When the sheet appeared, I went and signed up, writing “any” under the “song” category. I wrote “any” not only because I’m indecisive, but also because I figured that “any” might seem impressive while also covering for me if I sucked. Because how terrible would it be to suck on a song that you chose as the one you’d most like to play in front of an audience?
And there was an audience—a small but friendly one. After the house band played two tunes, they called me up and the drummer said to the other band members, “Caravan?” I could have misread the body language, but at least one band member seemed to think Caravan was a poor choice, and I thought it was because they had no idea what level player I was. The drummer asked me, “Do you know Caravan?” “Yep,” I answered. At least I used to, and I hoped it would be like riding a bike. Well, not exactly like riding a bike, as I haven’t gotten on a bike since an accident landed me in the E.R. when I was nine.
I had forgotten about the pain I get in the pit of my stomach as surely as I had forgotten the chords to our second song, “God Bless the Child.” No one seemed too impressed with my playing, and I have to admit I kind of wanted to get on the mic and say, “I’m the girl who wrote that blog? Some of you probably read it?

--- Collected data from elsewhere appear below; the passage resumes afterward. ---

(* Let $n,m\geq 1$, let $(T_1,\dots,T_n)\in\mathscr H_m(n)$ and let $H_n=\Phi(T_1,\dots,T_n)$ be the corresponding $(2m+1)$-historic tree. Then: (i) the number of external vertices of $H_n$ equals the number of leaves of $T_n$; (ii) the number of branchings of $H_n$ equals the number of keys of $T_n$ that are not stored in leaves; (iii) if $n\geq 2m+1$, then for every $i$, letting $v$ be the $i$-th external vertex of $H_n$ from the left and $s$ the number of internal vertices of $H_n$ strictly between $v$ and the closest branching above $v$ (the nearest branching on the path from $v$ to the root), the $i$-th leaf of $T_n$ from the left contains exactly $m+s$ keys.
   Context: Fix an integer $m\geq 1$. A $B$-tree of order $2m+1$ is a rooted plane tree whose nodes contain pairwise distinct real keys such that: keys are stored in increasing order from left to right; a non-leaf node with $k$ keys has exactly $k+1$ children, the $i$-th child being attached between the $(i-1)$-th and $i$-th key of the node, with all keys in the subtree of that child lying between those two keys; every node contains between $m$ and $2m$ keys, except the root, which contains between $1$ and $2m$ keys; and all leaves have the same distance to the root. Insertion algorithm: a new key is placed in the appropriate leaf at the appropriate position; if that leaf now has $2m+1$ keys, it is split: its median key moves up into the parent node, and the $m$ smallest and the $m$ largest keys form two new nodes, which become children of the parent on either side of the moved key; this is repeated at the parent if it now has $2m+1$ keys; if the root gets $2m+1$ keys, a new root containing only its median is created above it, with the two halves as children. $B$-trees are considered up to isomorphism of rooted plane trees; leaves are numbered from left to right. A history $(T_1,\dots,T_n)$ is a sequence of $B$-trees of order $2m+1$ with $T_1$ the single node with one key and $T_i$ obtained from $T_{i-1}$ by inserting one key; $\mathscr H_m(n)$ is the set of all histories of length $n$. A $(2m+1)$-historic tree on $n$ vertices is a rooted plane tree with vertices labelled bijectively by $\{1,\dots,n\}$, labels increasing along every root-to-leaf path, such that (root at height $0$) vertices at heights $2m+j(m+1)$, $j\geq0$, called branchings, have two ordered child slots (left, right), each possibly occupied, and all other vertices have a single child slot. Tree vertices are internal; unoccupied slots are external vertices, ordered left to right. The map $\Phi$: $\Phi(T_1)$ is the one-vertex tree; if $\Phi(T_1,\dots,T_k)=H_k$ and $T_{k+1}$ arises from $T_k$ by inserting a key into the $i$-th leaf of $T_k$ (before splits), then $\Phi(T_1,\dots,T_{k+1})$ is obtained from $H_k$ by placing a vertex labelled $k+1$ at the $i$-th external vertex of $H_k$. *)

theory Defs
  imports Complex_Main
begin

text \<open>A node stores its keys (increasing) and its list of children
  (empty list = leaf).\<close>
datatype btree = Node "real list" "btree list"

fun keys :: "btree \<Rightarrow> real set" where
  "keys (Node ks ts) = set ks \<union> \<Union> (set (map keys ts))"

text \<open>Result of inserting into a subtree: either a tree, or a split
  (left half, median key moving up, right half).\<close>
datatype up = Up btree | Split btree real btree

text \<open>Position (0-based) of the child to descend into / of the key among ks.\<close>
definition pos :: "real \<Rightarrow> real list \<Rightarrow> nat" where
  "pos x ks = length (filter (\<lambda>k. k < x) ks)"

definition leafins :: "nat \<Rightarrow> real \<Rightarrow> real list \<Rightarrow> up" where
  "leafins m x ks =
     (let i = pos x ks; ks' = take i ks @ x # drop i ks in
      if length ks' = 2*m+1
      then Split (Node (take m ks') []) (ks' ! m) (Node (drop (m+1) ks') [])
      else Up (Node ks' []))"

Kind of a poignant moment, here.” But of course I didn’t. My playing fizzled, and I went back to my mom. I don’t think she even told me I played well.
My husband’s students played their songs. (Mercifully, I knew beforehand that one of them could play circles of fifths around me.) A man sang “It Had to Be You,” and then my husband’s students and I all went up for the last song of the night, and one of the band members called “Mercy Mercy Mercy.” Now, I know the melody of that song, but I didn’t remember the name, so I didn’t know that I knew the melody. “What are a few of the chords?” I asked, trying to be funny. Gospel blues. B flat. “You’ll find something out about yourself,” the drummer said.

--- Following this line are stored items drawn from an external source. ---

lemma skew_adjoint_cov_J:
  assumes cah: "conformal_almost_hermitian U g J" and x: "x \<in> U"
    and weyl: "\<And>a b c. cov_g \<Gamma> g x a b c = 2 * B a * g x b c"
  shows "hermitian_algebra.skew_adjoint (g x) (cov_J \<Gamma> J x)"
proof -
  interpret hermitian_algebra "g x" "ginv g x" "J x" using hermitian_algebra_at[OF cah x] .
  have "open U" and dg: "\<And>a b. (\<lambda>y. g y a b) differentiable (at x)"
    and dJ: "\<And>a b. (\<lambda>y. J y a b) differentiable (at x)"
    using cah x unfolding conformal_almost_hermitian_def by auto
  have skew: "(\<Sum>d\<in>UNIV. g y b d * J y d c) + (\<Sum>d\<in>UNIV. g y c d * J y d b) = 0" if "y \<in> U" for y b c
    using hermitian_algebra.gJ_skew[OF hermitian_algebra_at[OF cah that], of b c] by simp
  let ?dg = "\<lambda>b c k. pd (\<lambda>y. g y b c) x k" and ?dJ = "\<lambda>b c k. pd (\<lambda>y. J y b c) x k"
  have omega_constant:
    "(\<Sum>d\<in>UNIV. ?dg b d k * J x d c + g x b d * ?dJ d c k) + (\<Sum>d\<in>UNIV. ?dg c d k * J x d b + g x c d * ?dJ d b k) = 0"
    for k b c
  proof -
    have leibniz: "pd (\<lambda>y. \<Sum>d\<in>UNIV. g y b d * J y d c) x k = (\<Sum>d\<in>UNIV. ?dg b d k * J x d c + g x b d * ?dJ d c k)"
      for b c
      using pd_sum_prod[of UNIV "\<lambda>d y. g y b d" x "\<lambda>d y. J y d c" k] dg dJ by (simp add: add.commute)
    have "(\<Sum>d\<in>UNIV. ?dg b d k * J x d c + g x b d * ?dJ d c k) + (\<Sum>d\<in>UNIV. ?dg c d k * J x d b + g x c d * ?dJ d b k)
        = pd (\<lambda>y. \<Sum>d\<in>UNIV. g y b d * J y d c) x k + pd (\<lambda>y. \<Sum>d\<in>UNIV. g y c d * J y d b) x k"
      by (simp only: leibniz)
    also have "\<dots> = pd (\<lambda>y. (\<Sum>d\<in>UNIV. g y b d * J y d c) + (\<Sum>d\<in>UNIV. g y c d * J y d b)) x k"
      by (rule pd_add[symmetric]) (auto intro!: differentiable_sum differentiable_mult dg dJ)
    also have "\<dots> = 0"
      by (rule pd_locally_const[OF \<open>open U\<close> x]) (rule skew)
    finally show ?thesis .
  qed
  have "hermitian_algebra.nabla_g (g x) ?dg (\<Gamma> x) k b c = 2 * B k * g x b c" for k b c
    using weyl[of k b c] unfolding cov_g_eq_nabla_g[OF cah x] .
  from skew_adjoint_nabla_J[OF this omega_constant] show ?thesis
    unfolding cov_J_eq_nabla_J[OF cah x] .
qed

I wish what I had found out about myself was super dramatic. The drummer’s setup statement sounded so prophetic! “You’ll find something out about yourself!” I thought that I might discover that I had more in my soul than I had ever dreamed over a C minor 7 and the clinks of dishes in the kitchen. Alas, here’s all I found out. 1) I should have gone pee before the song started. 2) I should have used my irealpro app at home a few times instead of making my poignant return to improv in public, and 3) No matter how many times I heard “Mercy Mercy Mercy” before it was my turn to solo, I would not notice the very obvious lead-up to the C minor 7 chord.
I left feeling a little sad. The men were not rude, but I was the only woman, and that stirred up old feelings. While I played, I almost felt like I had to force myself to play more than whole notes. “Whatever, here’s a simple lick. Here it is again changed a little to fit the new chord.” I know it’s a form of fear of failure. Don’t let yourself care, and it won’t hurt when you suck. I remember it well. I’m back in the E.R.
Mercy. Mercy. Have mercy on me, Lord, and help me help my students to reach higher than I ever did.